Relationships and Expectations

I was thinking about the story of creation from the first and second chapters of Genesis last night. God created Adam. Then he left him alone. He gave Adam a world which was full, creative, growing, and said, “All this is yours.” Then, I think, God waited. Adam looked at the world he had been given and saw, as God had before him, that it was good. But Adam noticed something. Every part of creation had a companion part, except him. And Adam was lonely. Adam told God he was lonely. I think God knew that Adam would be lonely, but that he waited until Adam acknowledged a need before he provided a remedy.

God created a woman to be a help meet to Adam. Many people have commented on what this means, exactly, but I think that maybe we can see part of what God created in the nature of women in this description. Women are very concerned with relationships, with attachments, with friends and friendships, with nurturing and caring for others. I think this may be what God meant when he created Eve to be a help meet to Adam. Adam did not have any connection to the rest of the world, except in a hierarchical sense of being over or under it, until Eve came into his life. Together they established the first human relationship in history.
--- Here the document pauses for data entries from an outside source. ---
(* Let $\mu:\mathbb{R}^{n\times n}\to\mathbb{R}$ be the matrix measure induced by an orthant-monotonic norm on $\mathbb{R}^n$, and let $A\in\mathbb{R}^{n\times n}$. If $\mu(A)<0$, then every diagonal entry $a_{ii}$ of $A$ is negative.
   Context: For a vector norm $|\cdot|$ on $\mathbb{R}^n$, the induced matrix norm is $\|A\|=\max_{|x|=1}|Ax|$ and the induced matrix measure is $\mu(A)=\lim_{\varepsilon\to0^+}(\|I_n+\varepsilon A\|-1)/\varepsilon$. A norm $|\cdot|$ on $\mathbb{R}^n$ is orthant-monotonic if for all $x,y\in\mathbb{R}^n$: whenever $x_iy_i\ge 0$ and $|x_i|\le|y_i|$ for all $i$, then $|x|\le|y|$. *)

theory Defs
  imports "HOL-Analysis.Analysis"
begin

definition is_vnorm :: "(real ^ 'n \<Rightarrow> real) \<Rightarrow> bool" where
  "is_vnorm N \<longleftrightarrow>
     (\<forall>x. 0 \<le> N x) \<and> (\<forall>x. N x = 0 \<longleftrightarrow> x = 0) \<and>
     (\<forall>c x. N (c *\<^sub>R x) = \<bar>c\<bar> * N x) \<and>
     (\<forall>x y. N (x + y) \<le> N x + N y)"

definition orthant_monotonic :: "(real ^ 'n \<Rightarrow> real) \<Rightarrow> bool" where
  "orthant_monotonic N \<longleftrightarrow>
     (\<forall>x y. (\<forall>i. x $ i * y $ i \<ge> 0 \<and> \<bar>x $ i\<bar> \<le> \<bar>y $ i\<bar>) \<longrightarrow> N x \<le> N y)"

definition induced_norm :: "(real ^ 'n \<Rightarrow> real) \<Rightarrow> real ^ 'n ^ 'n \<Rightarrow> real" where
  "induced_norm N A = Sup {N (A *v x) | x. N x = 1}"

definition matrix_measure :: "(real ^ 'n \<Rightarrow> real) \<Rightarrow> real ^ 'n ^ 'n \<Rightarrow> real" where
  "matrix_measure N A =
     Lim (at_right 0) (\<lambda>\<epsilon>. (induced_norm N (mat 1 + \<epsilon> *\<^sub>R A) - 1) / \<epsilon>)"

end

(*
  The map e \<mapsto> ||I + eA|| is convex with value 1 at e = 0, so its difference
  quotient at 0 decreases to mu(A) as e \<rightarrow> 0+.  Testing I + eA on the i-th unit
  vector and discarding all coordinates but the i-th, which orthant-monotonicity
  allows, gives ||I + eA|| \<ge> |1 + e a_ii|.  Hence every difference quotient is at
  least a_ii, and so a_ii \<le> mu(A) < 0.
*)
theory Submission
  imports Defs
begin

lemma vnorm_nonneg: "is_vnorm N \<Longrightarrow> 0 \<le> N x"
  unfolding is_vnorm_def by blast

lemma vnorm_eq_0_iff: "is_vnorm N \<Longrightarrow> N x = 0 \<longleftrightarrow> x = 0"
  unfolding is_vnorm_def by blast

lemma vnorm_scaleR: "is_vnorm N \<Longrightarrow> N (c *\<^sub>R x) = \<bar>c\<bar> * N x"
  unfolding is_vnorm_def by blast

lemma vnorm_triangle: "is_vnorm N \<Longrightarrow> N (x + y) \<le> N x + N y"
  unfolding is_vnorm_def by blast

lemma vnorm_zero: "is_vnorm N \<Longrightarrow> N 0 = 0"
  by (simp add: vnorm_eq_0_iff)

lemma vnorm_pos: "is_vnorm N \<Longrightarrow> x \<noteq> 0 \<Longrightarrow> 0 < N x"
  by (simp add: order_less_le vnorm_nonneg vnorm_eq_0_iff)

lemma vnorm_minus_commute:
  assumes "is_vnorm N"
  shows "N (x - y) = N (y - x)"
  using vnorm_scaleR[OF assms, of "-1" "y - x"] by simp

lemma vnorm_sum_le:
  assumes "is_vnorm N"
  shows "N (sum f S) \<le> (\<Sum>i\<in>S. N (f i))"
proof (induction S rule: infinite_finite_induct)
  case (insert x F)
  then show ?case using vnorm_triangle[OF assms, of "f x" "sum f F"] by simp
qed (simp_all add: vnorm_zero[OF assms])

lemma vnorm_le_norm:
  fixes N :: "real ^ 'n \<Rightarrow> real"
  assumes "is_vnorm N"
  shows "\<exists>C\<ge>0. \<forall>x. N x \<le> C * norm x"
proof (intro exI conjI allI)
  define C where "C = (\<Sum>i\<in>UNIV. N (axis i (1::real)))"
  show "0 \<le> C"
    unfolding C_def by (intro sum_nonneg vnorm_nonneg[OF assms])
  fix x :: "real ^ 'n"
  have "N x = N (\<Sum>i\<in>UNIV. (x $ i) *\<^sub>R axis i 1)"
    using basis_expansion[of x] by (simp add: scalar_mult_eq_scaleR)
  also have "\<dots> \<le> (\<Sum>i\<in>UNIV. \<bar>x $ i\<bar> * N (axis i 1))"
    using vnorm_sum_le[OF assms, of "\<lambda>i. (x $ i) *\<^sub>R axis i 1" UNIV]
    by (simp add: vnorm_scaleR[OF assms])
  also have "\<dots> \<le> (\<Sum>i\<in>UNIV. norm x * N (axis i 1))"
    by (intro sum_mono mult_right_mono component_le_norm_cart vnorm_nonneg[OF assms])
  also have "\<dots> = C * norm x"
    by (simp add: C_def sum_distrib_left mult.commute)
  finally show "N x \<le> C * norm x" .
qed

lemma vnorm_continuous_on:
  fixes N :: "real ^ 'n \<Rightarrow> real"
  assumes "is_vnorm N"
  shows "continuous_on S N"
proof -
  obtain C where "0 \<le> C" and C: "\<And>x. N x \<le> C * norm x"
    using vnorm_le_norm[OF assms] by blast
  have "dist (N x) (N y) \<le> C * dist x y" for x y
  proof -
    have "N x \<le> N y + N (x - y)" "N y \<le> N x + N (y - x)"
      using vnorm_triangle[OF assms, of y "x - y"] vnorm_triangle[OF assms, of x "y - x"]
      by simp_all
    then show ?thesis
      using C[of "x - y"] vnorm_minus_commute[OF assms, of x y]
      by (simp add: dist_real_def dist_norm abs_le_iff)
  qed
  then have "C-lipschitz_on S N"
    using \<open>0 \<le> C\<close> by (intro lipschitz_onI)
  then show ?thesis
    by (rule lipschitz_on_continuous_on)
qed

lemma norm_le_vnorm:
  fixes N :: "real ^ 'n \<Rightarrow> real"
  assumes "is_vnorm N"
  shows "\<exists>c>0. \<forall>x. c * norm x \<le> N x"
proof -
  have "axis undefined 1 \<in> sphere (0::real ^ 'n) 1"
    by (simp add: norm_axis_1)
  then obtain z where z: "z \<in> sphere 0 1" and z_min: "\<And>y. y \<in> sphere 0 1 \<Longrightarrow> N z \<le> N y"
    using continuous_attains_inf[OF compact_sphere _ vnorm_continuous_on[OF assms]] by blast
  have "N z * norm x \<le> N x" for x
  proof (cases "x = 0")
    case False
    then have "N z \<le> N ((1 / norm x) *\<^sub>R x)"
      by (intro z_min) simp
    also have "\<dots> = N x / norm x"
      by (simp add: vnorm_scaleR[OF assms])
    finally show ?thesis
      using False by (simp add: field_simps)
  qed (simp add: vnorm_zero[OF assms])
  moreover have "0 < N z"
    using z by (intro vnorm_pos[OF assms]) auto
  ultimately show ?thesis by blast
qed

lemma vnorm_unit_exists:
  fixes N :: "real ^ 'n \<Rightarrow> real"
  assumes "is_vnorm N"
  shows "\<exists>x. N x = 1"
proof
  have "0 < N (axis undefined 1 :: real ^ 'n)"
    by (intro vnorm_pos[OF assms]) (simp add: axis_eq_0_iff)
  then show "N ((1 / N (axis undefined 1)) *\<^sub>R (axis undefined 1 :: real ^ 'n)) = 1"
    by (simp add: vnorm_scaleR[OF assms])
qed

lemma orthant_monotonic_axis_le:
  assumes "orthant_monotonic N"
  shows "N (axis i (x $ i)) \<le> N x"
  using assms unfolding orthant_monotonic_def by (auto simp: axis_def)

lemma vnorm_matrix_vector_bounded:
  fixes N :: "real ^ 'n \<Rightarrow> real" and B :: "real ^ 'n ^ 'n"
  assumes "is_vnorm N"
  shows "bdd_above {N (B *v x) | x. N x = 1}"
proof -
  obtain C where "0 \<le> C" and C: "\<And>x. N x \<le> C * norm x"
    using vnorm_le_norm[OF assms] by blast
  obtain c where "0 < c" and c: "\<And>x. c * norm x \<le> N x"
    using norm_le_vnorm[OF assms] by blast
  have "N (B *v x) \<le> C * (onorm ((*v) B) / c)" if "N x = 1" for x
  proof -
    have "N (B *v x) \<le> C * norm (B *v x)"
      by (rule C)
    also have "\<dots> \<le> C * (onorm ((*v) B) * norm x)"
      using \<open>0 \<le> C\<close> by (intro mult_left_mono onorm matrix_vector_mul_bounded_linear)
    also have "norm x \<le> 1 / c"
      using c[of x] \<open>0 < c\<close> that by (simp add: field_simps)
    then have "C * (onorm ((*v) B) * norm x) \<le> C * (onorm ((*v) B) * (1 / c))"
      using \<open>0 \<le> C\<close> onorm_pos_le[OF matrix_vector_mul_bounded_linear]
      by (intro mult_left_mono) auto
    finally show ?thesis by simp
  qed
  then show ?thesis
    unfolding bdd_above_def by blast
qed

lemma induced_norm_upper:
  assumes "is_vnorm N" and "N x = 1"
  shows "N (B *v x) \<le> induced_norm N B"
  unfolding induced_norm_def using assms
  by (intro cSup_upper vnorm_matrix_vector_bounded) auto

lemma induced_norm_least:
  assumes "is_vnorm N" and "\<And>x. N x = 1 \<Longrightarrow> N (B *v x) \<le> K"
  shows "induced_norm N B \<le> K"
  unfolding induced_norm_def using assms vnorm_unit_exists[OF assms(1)]
  by (intro cSup_least) auto

lemma vnorm_matrix_vector_le:
  assumes "is_vnorm N"
  shows "N (B *v x) \<le> induced_norm N B * N x"
proof (cases "x = 0")
  case False
  then have "0 < N x"
    by (rule vnorm_pos[OF assms])
  then have "N (B *v ((1 / N x) *\<^sub>R x)) \<le> induced_norm N B"
    by (intro induced_norm_upper[OF assms]) (simp add: vnorm_scaleR[OF assms])
  with \<open>0 < N x\<close> show ?thesis
    by (simp add: vnorm_scaleR[OF assms] matrix_vector_mult_scaleR field_simps)
qed (simp add: vnorm_zero[OF assms])

lemma induced_norm_id:
  assumes "is_vnorm N"
  shows "induced_norm N (mat 1) = 1"
proof -
  have "{N (mat 1 *v x) | x. N x = 1} = {1}"
    using vnorm_unit_exists[OF assms] by auto
  then show ?thesis
    unfolding induced_norm_def by simp
qed

lemma induced_norm_scaleR_add_le:
  assumes "is_vnorm N" and "0 \<le> s" and "0 \<le> t"
  shows "induced_norm N (s *\<^sub>R B + t *\<^sub>R D) \<le> s * induced_norm N B + t * induced_norm N D"
proof (rule induced_norm_least[OF assms(1)])
  fix x assume x: "N x = 1"
  have "N ((s *\<^sub>R B + t *\<^sub>R D) *v x) = N (s *\<^sub>R (B *v x) + t *\<^sub>R (D *v x))"
    by (simp add: matrix_vector_mult_add_rdistrib scaleR_matrix_vector_assoc)
  also have "\<dots> \<le> s * N (B *v x) + t * N (D *v x)"
    using vnorm_triangle[OF assms(1), of "s *\<^sub>R (B *v x)" "t *\<^sub>R (D *v x)"] assms(2,3)
    by (simp add: vnorm_scaleR[OF assms(1)])
  also have "\<dots> \<le> s * induced_norm N B + t * induced_norm N D"
    using induced_norm_upper[OF assms(1) x] assms(2,3) by (intro add_mono mult_left_mono)
  finally show "N ((s *\<^sub>R B + t *\<^sub>R D) *v x) \<le> s * induced_norm N B + t * induced_norm N D" .
qed

lemma induced_norm_ge_diag:
  fixes N :: "real ^ 'n \<Rightarrow> real" and B :: "real ^ 'n ^ 'n"
  assumes "is_vnorm N" and "orthant_monotonic N"
  shows "\<bar>B $ i $ i\<bar> \<le> induced_norm N B"
proof -
  let ?u = "axis i 1 :: real ^ 'n"
  have "0 < N ?u"
    by (intro vnorm_pos[OF assms(1)]) (simp add: axis_eq_0_iff)
  have "axis i (B $ i $ i) = B $ i $ i *\<^sub>R ?u"
    by (simp add: axis_def vec_eq_iff)
  then have "\<bar>B $ i $ i\<bar> * N ?u = N (axis i ((B *v ?u) $ i))"
    by (simp add: matrix_vector_mult_basis column_def vnorm_scaleR[OF assms(1)])
  also have "\<dots> \<le> N (B *v ?u)"
    by (rule orthant_monotonic_axis_le[OF assms(2)])
  also have "\<dots> \<le> induced_norm N B * N ?u"
    by (rule vnorm_matrix_vector_le[OF assms(1)])
  finally show ?thesis
    using \<open>0 < N ?u\<close> by simp
qed

lemma induced_norm_difference_quotient_mono:
  assumes "is_vnorm N" and "0 < a" and "a \<le> b"
  shows "(induced_norm N (mat 1 + a *\<^sub>R A) - 1) / a \<le> (induced_norm N (mat 1 + b *\<^sub>R A) - 1) / b"
proof -
  have "0 < b"
    using assms by simp
  have convex_comb: "mat 1 + a *\<^sub>R A = (a / b) *\<^sub>R (mat 1 + b *\<^sub>R A) + (1 - a / b) *\<^sub>R mat 1"
    using \<open>0 < b\<close> by (simp add: algebra_simps)
  have "induced_norm N (mat 1 + a *\<^sub>R A)
      \<le> (a / b) * induced_norm N (mat 1 + b *\<^sub>R A) + (1 - a / b) * induced_norm N (mat 1)"
    unfolding convex_comb using assms \<open>0 < b\<close>
    by (intro induced_norm_scaleR_add_le[OF assms(1)]) auto
  then have "induced_norm N (mat 1 + a *\<^sub>R A) - 1 \<le> (a / b) * (induced_norm N (mat 1 + b *\<^sub>R A) - 1)"
    by (simp add: induced_norm_id[OF assms(1)] algebra_simps)
  then have "(induced_norm N (mat 1 + a *\<^sub>R A) - 1) / a
      \<le> (a / b) * (induced_norm N (mat 1 + b *\<^sub>R A) - 1) / a"
    using assms by (intro divide_right_mono) auto
  then show ?thesis
    using assms by simp
qed

lemma induced_norm_difference_quotient_lower:
  assumes "is_vnorm N" and "0 < a"
  shows "- induced_norm N (- A) \<le> (induced_norm N (mat 1 + a *\<^sub>R A) - 1) / a"
proof -
  have split: "mat 1 = 1 *\<^sub>R (mat 1 + a *\<^sub>R A) + a *\<^sub>R (- A)"
    by (simp add: algebra_simps)
  have "induced_norm N (mat 1) \<le> 1 * induced_norm N (mat 1 + a *\<^sub>R A) + a * induced_norm N (- A)"
    using assms by (subst split, intro induced_norm_scaleR_add_le[OF assms(1)]) auto
  then show ?thesis
    using assms by (simp add: induced_norm_id[OF assms(1)] field_simps)
qed

lemma matrix_measure_tendsto:
  assumes "is_vnorm N"
  shows "((\<lambda>e. (induced_norm N (mat 1 + e *\<^sub>R A) - 1) / e) \<longlongrightarrow> matrix_measure N A) (at_right 0)"
proof -
  let ?q = "\<lambda>e. (induced_norm N (mat 1 + e *\<^sub>R A) - 1) / e"
  have "(?q \<longlongrightarrow> Inf (?q ` ({0<..} \<inter> UNIV))) (at 0 within ({0<..} \<inter> UNIV))"
    using induced_norm_difference_quotient_mono[OF assms]
      induced_norm_difference_quotient_lower[OF assms]
    by (intro Lim_right_bound) auto
  then have "(?q \<longlongrightarrow> Inf (?q ` {0<..})) (at_right 0)"
    by simp
  moreover from this have "matrix_measure N A = Inf (?q ` {0<..})"
    unfolding matrix_measure_def by (intro tendsto_Lim) auto
  ultimately show ?thesis by simp
qed

lemma diag_le_matrix_measure:
  assumes "is_vnorm N" and "orthant_monotonic N"
  shows "A $ i $ i \<le> matrix_measure N A"
proof (rule tendsto_lowerbound[OF matrix_measure_tendsto[OF assms(1)]])
  have quotient_ge: "A $ i $ i \<le> (induced_norm N (mat 1 + e *\<^sub>R A) - 1) / e" if "0 < e" for e
  proof -
    have "1 + e * A $ i $ i \<le> induced_norm N (mat 1 + e *\<^sub>R A)"
      using induced_norm_ge_diag[OF assms, of "mat 1 + e *\<^sub>R A" i] by (simp add: mat_def)
    with that show ?thesis
      by (simp add: field_simps)
  qed
  show "\<forall>\<^sub>F e in at_right 0. A $ i $ i \<le> (induced_norm N (mat 1 + e *\<^sub>R A) - 1) / e"
    by (rule eventually_mono[OF eventually_at_right_less quotient_ge])
qed simp

theorem proposition2:
  fixes N :: "real ^ 'n \<Rightarrow> real" and A :: "real ^ 'n ^ 'n"
  assumes "is_vnorm N" and "orthant_monotonic N"
    and "matrix_measure N A < 0"
  shows "\<forall>i. A $ i $ i < 0"
  using diag_le_matrix_measure[OF assms(1,2)] assms(3) by (meson le_less_trans)

end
I think that the ability to establish and maintain relationships may be a gift from God integrated into the very nature of women. If that is true, then your concern for your friends and your family has been given to you specially, by God, in a way that can be very beneficial to those around you– every good and perfect gift comes from God.

There is also, I believe, a lesson to be learned in the story of Hannah and Samuel. Hannah lived in an age when women married young and their worth was measured by the outside world in the number of children that they bore for their husbands. Hannah was married, but she had no children. The outside world scorned her. Her husband’s second wife treated her poorly. But her husband, a man raised with the expectation that a good wife bears many children, loved her and tried to protect her from ridicule and shame. She was a woman greatly blessed to have a husband who could and would ignore the dictates of society and see her as an individual.

This was not enough for Hannah, however. She wanted a child. She wanted a child badly enough to risk the scorn of the priest who, because she prayed long and hard, thought that she was drunk. (I guess that tells us that most of the women of her day did not spend much time in public places praying.) Here again, although this time voluntarily, she acted outside the expectations of her society. I do not think that she acted outside the expectations of God, though. He heard her prayers and he responded with a promise to give her a child.

Sometimes what is right and true is not what the world around us nor even the religious leaders of our day think and believe. Sometimes we humans are abused by other humans for things we cannot help. Sometimes we are scorned for an appearance of evil or even just their perception of evil. There are two things which I see in the story of Hannah as sustaining; one which is sure. Sometimes God gives us in our lives people who will stand by us, put aside prejudices and learned responses, and love us despite what the world says or thinks. And always God will be there: loving us, listening to us, and responding to us with mercy and compassion.